UE members take a stand for labor rights ...
UE members backed the right to organize in March 1998 as the U.S. government held a hearing on a complaint brought by UE and other unions that charged the Mexican government and Echlin manage-ment of violating the rights of workers at Echlin’s ITAPSA plant. The U.S. government upheld that complaint in August of last year; last month the Canadian govern-ment issued a similar finding.

The Canadian agency that administers the NAFTA labor side agreement issued a report on Dec. 15 charging the Mexican government with failing to enforce its own laws and regulations when workers at the U.S.-owned ITAPSA automotive plant tried to organize an independent union.

The decision by Canada’s National Administrative Office sets the stage for consultation between Mexican and Canadian Labor Ministers aimed at protecting workers’ rights in Mexico.

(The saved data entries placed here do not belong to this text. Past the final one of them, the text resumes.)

lemma unit_rotation:
  assumes xy: "cinner x y = 0" and y: "cnorm2 y \<le> 1" and x: "1 \<le> cnorm2 x"
  obtains v w where "cnorm2 v = 1" "cnorm2 w = cnorm2 x + cnorm2 y - 1"
    "rank_one v + rank_one w = rank_one x + rank_one y"
    "\<And>z. cinner x z = 0 \<Longrightarrow> cinner y z = 0 \<Longrightarrow> cinner w z = 0"
proof -
  define l where "l = cnorm2 x"
  define \<mu> where "\<mu> = cnorm2 y"
  define c where "c = (1 - \<mu>) / (l - \<mu>)"
    \<comment> \<open>the weight with \<open>c l + (1 - c) \<mu> = 1\<close>; for \<open>l = \<mu> = 1\<close> division by zero gives
      \<open>c = 0\<close>, which still works\<close>
  have c_eq: "c * (l - \<mu>) = 1 - \<mu>"
    using x y by (cases "l = \<mu>") (auto simp: c_def l_def \<mu>_def)
  have c01: "0 \<le> c" "c \<le> 1"
    using x y by (auto simp: c_def l_def \<mu>_def divide_le_eq_1)
  define a where "a = sqrt c"
  define b where "b = sqrt (1 - c)"
  have a2: "a\<^sup>2 = c" and b2: "b\<^sup>2 = 1 - c"
    using c01 by (simp_all add: a_def b_def)
  define v where "v = of_real a *s x + of_real b *s y"
  define w where "w = of_real b *s x + of_real (- a) *s y"
  show ?thesis
  proof
    show "cnorm2 v = 1"
      using c_eq unfolding v_def cnorm2_orthogonal_combination[OF xy] a2 b2 l_def \<mu>_def
      by (simp add: algebra_simps)
    show "cnorm2 w = cnorm2 x + cnorm2 y - 1"
      using c_eq unfolding w_def cnorm2_orthogonal_combination[OF xy] power2_minus a2 b2
        l_def \<mu>_def
      by (simp add: algebra_simps)
    have "w = of_real b *s x - of_real a *s y"
      unfolding w_def by (simp add: vec_eq_iff)
    then show "rank_one v + rank_one w = rank_one x + rank_one y"
      using rank_one_rotation[of a b x y] a2 b2 unfolding v_def by simp
    show "cinner w z = 0" if "cinner x z = 0" "cinner y z = 0" for z
      using that unfolding w_def by (simp add: cinner_add_left cinner_diff_left cinner_scale_left)
  qed
qed

lemma exists_ge_one_if_card_le_sum:
  fixes f :: "'a \<Rightarrow> real"
  assumes "finite S" "S \<noteq> {}" "real (card S) \<le> sum f S"
  obtains x where "x \<in> S" "1 \<le> f x"
proof -
  have "\<not> (\<forall>x\<in>S. f x < 1)"
  proof
    assume "\<forall>x\<in>S. f x < 1"
    then have "sum f S < (\<Sum>x\<in>S. 1)"
      using assms(1,2) by (intro sum_strict_mono) auto
    then show False
      using assms(3) by simp
  qed
  then show ?thesis
    using that by (meson not_less)
qed

lemma exists_lt_one_if_sum_eq_card:
  fixes f :: "'a \<Rightarrow> real"
  assumes "finite S" "sum f S = real (card S)" "x \<in> S" "1 < f x"
  obtains y where "y \<in> S" "f y < 1"
proof -
  have "\<not> (\<forall>y\<in>S. 1 \<le> f y)"
  proof
    assume "\<forall>y\<in>S. 1 \<le> f y"
    then have "(\<Sum>y\<in>S. 1) < sum f S"
      using assms by (intro sum_strict_mono_ex1) auto
    then show False
      using assms(2) by simp
  qed
  then show ?thesis
    using that by (meson not_less)
qed

lemma sum_remove_two:
  assumes "finite S" "x \<in> S" "y \<noteq> x" "y \<in> S \<or> f y = 0"
  shows "sum f S = f x + f y + sum f (S - {x, y})"
proof -
  have "sum f S = f x + sum f (S - {x})"
    using assms(1,2) by (simp add: sum.remove)
  also have "sum f (S - {x}) = f y + sum f (S - {x, y})"
  proof (cases "y \<in> S")
    case True
    then show ?thesis
      using assms by (simp add: sum.remove insert_commute Diff_insert2[symmetric])
  next
    case False
    then have "S - {x, y} = S - {x}"
      by auto
    then show ?thesis
      using False assms(4) by simp
  qed
  finally show ?thesis
    by (simp add: add.assoc)
qed
lemma renyi_moment_le_of_renyi_div_le:
  assumes "renyi_div lam P Q \<le> ereal r" and "1 < lam"
  shows "absolutely_continuous Q P"
    and "(\<integral>\<^sup>+ y. ennreal (enn2real (RN_deriv Q P y) powr (lam - 1)) \<partial>P)
           \<le> ennreal (exp ((lam - 1) * r))" (is "?E \<le> _")
proof -
  have ac: "absolutely_continuous Q P" and fin: "?E \<noteq> \<infinity>"
    and ln_le: "ln (enn2real ?E) / (lam - 1) \<le> r"
    using assms(1) unfolding renyi_div_def Let_def by (auto split: if_splits)
  show "absolutely_continuous Q P" by (fact ac)
  have "enn2real ?E \<le> exp ((lam - 1) * r)"
  proof (cases "enn2real ?E > 0")
    case True
    have "ln (enn2real ?E) \<le> (lam - 1) * r" using ln_le assms(2) by (simp add: field_simps)
    hence "exp (ln (enn2real ?E)) \<le> exp ((lam - 1) * r)" by simp
    thus ?thesis using True by simp
  qed (use exp_gt_zero[of "(lam - 1) * r"] in linarith)
  thus "?E \<le> ennreal (exp ((lam - 1) * r))"
    using fin enn2real_le_iff[of ?E "exp ((lam - 1) * r)"] by (simp add: top.not_eq_extremum)
qed

lemma Markov_inequality_powr:
  assumes [measurable]: "f \<in> borel_measurable M" and "0 < t" "0 < p"
  shows "ennreal (t powr p) * emeasure M {y \<in> space M. t < f y}
           \<le> (\<integral>\<^sup>+ y. ennreal (f y powr p) \<partial>M)"
proof -
  have "ennreal (t powr p) * emeasure M {y \<in> space M. t < f y}
          = (\<integral>\<^sup>+ y. ennreal (t powr p) * indicator {y \<in> space M. t < f y} y \<partial>M)"
    by (simp add: nn_integral_cmult_indicator)
  also have "\<dots> \<le> (\<integral>\<^sup>+ y. ennreal (f y powr p) \<partial>M)"
  proof (intro nn_integral_mono)
    fix y
    show "ennreal (t powr p) * indicator {y \<in> space M. t < f y} y \<le> ennreal (f y powr p)"
      using assms(2,3) by (auto simp: indicator_def intro!: ennreal_leI powr_mono2)
  qed
  finally show ?thesis .
qed

lemma measure_le_mult_plus_density_tail:
  assumes P: "finite_measure P" and Q: "finite_measure Q" and sets: "sets P = sets Q"
    and ac: "absolutely_continuous Q P" and "0 \<le> t" and S: "S \<in> sets P"
  shows "measure P S \<le> t * measure Q S
           + measure P {y \<in> space P. t < enn2real (RN_deriv Q P y)}"
    (is "_ \<le> _ + measure P ?B")
proof -
  interpret P: finite_measure P by fact
  interpret Q: finite_measure Q by fact
  have [measurable]: "RN_deriv Q P \<in> borel_measurable P"
    using borel_measurable_RN_deriv measurable_cong_sets[OF sets refl] by blast
  have B: "?B \<in> sets P" by measurable
  have fin: "AE y in Q. RN_deriv Q P y \<noteq> \<infinity>"
    using Q.RN_deriv_finite[OF _ ac sets] P.sigma_finite_measure by blast
  have "emeasure P (S - ?B) = (\<integral>\<^sup>+ y. RN_deriv Q P y * indicator (S - ?B) y \<partial>Q)"
    using S B sets by (subst Q.density_RN_deriv[OF ac sets, symmetric]) (simp add: emeasure_density)
  also have "\<dots> \<le> (\<integral>\<^sup>+ y. ennreal t * indicator S y \<partial>Q)"
  proof (rule nn_integral_mono_AE)
    show "AE y in Q. RN_deriv Q P y * indicator (S - ?B) y \<le> ennreal t * indicator S y"
      using fin
    proof eventually_elim
      case (elim y)
      have "RN_deriv Q P y \<le> ennreal t" if "y \<in> S - ?B"
      proof -
        have "y \<in> space P" using that S sets.sets_into_space by blast
        hence "ennreal (enn2real (RN_deriv Q P y)) \<le> ennreal t" using that by (auto intro: ennreal_leI)
        thus ?thesis using elim by (simp add: ennreal_enn2real_if)
      qed
      thus ?case by (auto simp: indicator_def)
    qed
  qed
  also have "\<dots> = ennreal t * emeasure Q S" using S sets by (simp add: nn_integral_cmult_indicator)
  finally have "measure P (S - ?B) \<le> t * measure Q S"
    using \<open>0 \<le> t\<close> by (simp add: P.emeasure_eq_measure Q.emeasure_eq_measure ennreal_mult''[symmetric])
  moreover have "measure P S \<le> measure P ((S - ?B) \<union> ?B)"
    using S B by (intro P.finite_measure_mono) auto
  moreover have "measure P ((S - ?B) \<union> ?B) \<le> measure P (S - ?B) + measure P ?B"
    using S B by (intro measure_Un_le) auto
  ultimately show ?thesis by linarith
qed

Canada’s first labor rights complaint under the NAFTA side agreement was filed by the Canadian Steelworkers with the support of other members of the trinational Echlin/Dana Workers Alliance, including UE. UE Genl. Sec.-Treas. Bob Clark was the only U.S. speaker in testimony before the Canadian NAO on Sept. 14.

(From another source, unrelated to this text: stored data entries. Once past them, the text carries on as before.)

text \<open>Integration by parts: the integrand is the derivative of e^{yt} t^{\<alpha>-\<beta>} (1+t)^\<beta>,
  which vanishes at both ends.\<close>
lemma kummer_moment_recurrence:
  assumes "\<beta> < \<alpha>" "\<beta> \<le> 1" "y < 0"
  shows "y * (kummer_moment \<beta> \<alpha> 2 y + kummer_moment \<beta> \<alpha> 1 y) + \<alpha> * kummer_moment \<beta> \<alpha> 1 y
           + (\<alpha> - \<beta>) * kummer_moment \<beta> \<alpha> 0 y = 0"
proof -
  define K where "K k = kummer_kernel \<beta> \<alpha> k y" for k
  define f where "f t = y * K 2 t + y * K 1 t + \<alpha> * K 1 t + (\<alpha> - \<beta>) * K 0 t" for t
  define F where "F t = exp (y * t) * t powr (\<alpha> - \<beta>) * (1 + t) powr \<beta>" for t
  have int: "K k integrable_on {0<..}" for k
    unfolding K_def using assms by (intro kummer_kernel_integrable) auto
  have "(f has_integral 0 - 0) {0<..}"
  proof (rule has_integral_greaterThan_0_FTC)
    show "(F has_real_derivative f t) (at t)" if "t > 0" for t
    proof -
      have "t powr (\<alpha> - \<beta>) = t * t powr (\<alpha> - \<beta> - 1)" "(1 + t) powr \<beta> = (1 + t) * (1 + t) powr (\<beta> - 1)"
        using that by (simp_all add: powr_mult_base)
      then show ?thesis
        unfolding F_def f_def K_def kummer_kernel_def using that
        by (auto intro!: derivative_eq_intros simp: algebra_simps power2_eq_square)
    qed
    show "continuous_on {0<..} f"
      unfolding f_def K_def by (intro continuous_intros continuous_on_kummer_kernel)
    show "f absolutely_integrable_on {0<..}"
      unfolding f_def K_def using assms
      by (intro set_integral_add set_integrable_mult_right kummer_kernel_absolutely_integrable) auto
    show "(F \<longlongrightarrow> 0) (at_right 0)"
      unfolding F_def using \<open>\<beta> < \<alpha>\<close> by (subst (asm) diff_gt_0_iff_gt[symmetric]) real_asymp
    show "(F \<longlongrightarrow> 0) at_top"
      unfolding F_def using \<open>\<beta> < \<alpha>\<close> \<open>y < 0\<close> by (subst (asm) diff_gt_0_iff_gt[symmetric]) real_asymp
  qed
  then have "integral {0<..} f = 0"
    by (simp add: integral_unique)
  moreover have "integral {0<..} f = y * kummer_moment \<beta> \<alpha> 2 y + y * kummer_moment \<beta> \<alpha> 1 y
      + \<alpha> * kummer_moment \<beta> \<alpha> 1 y + (\<alpha> - \<beta>) * kummer_moment \<beta> \<alpha> 0 y"
    unfolding f_def kummer_moment_def K_def[symmetric]
    by (simp add: integral_add int integrable_add integrable_on_mult_right del: integral_mult_right) simp
  ultimately show ?thesis
    by (simp add: algebra_simps)
qed

definition kummerT' :: "real \<Rightarrow> real \<Rightarrow> real \<Rightarrow> real" where
  "kummerT' \<beta> \<alpha> y = exp y / Gamma (\<alpha> - \<beta>) * (kummer_moment \<beta> \<alpha> 0 y + kummer_moment \<beta> \<alpha> 1 y)"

The Canadian case parallels the case filed with the U.S. NAO by UE and the Dana Workers Alliance last year. In August, the U.S. NAO ruled that the Mexican government failed to enforce its own laws protecting worker rights and agreed with the unions that Echlin management allowed thugs from a government-controlled union to disrupt a vote for an independent union in September 1997. (The ITAPSA plant was owned by Echlin Inc.; the Dana Corp. purchased Echlin in July 1998.)

As a result of the U.S. NAO decision, consultations between the U.S. and Mexican governments have been initiated in the US case, with no outcome expected for several months.

The Canadian NAO decision calls for discussions between Canadian Labour Minister Claudette Bradshaw and her Mexican counterpart on the neutrality of Mexico’s labor tribunals and procedural guarantees for unions appearing before it. As well, the labor ministers must review balloting procedures at votes to determine which union is to represent workers, so that workers’ freedom of association rights are protected.

Access for workers to the contents of their collective agreements, and to the bylaws of unions representing them, will also be the subject of discussions between the labor ministers, according to the recommendation.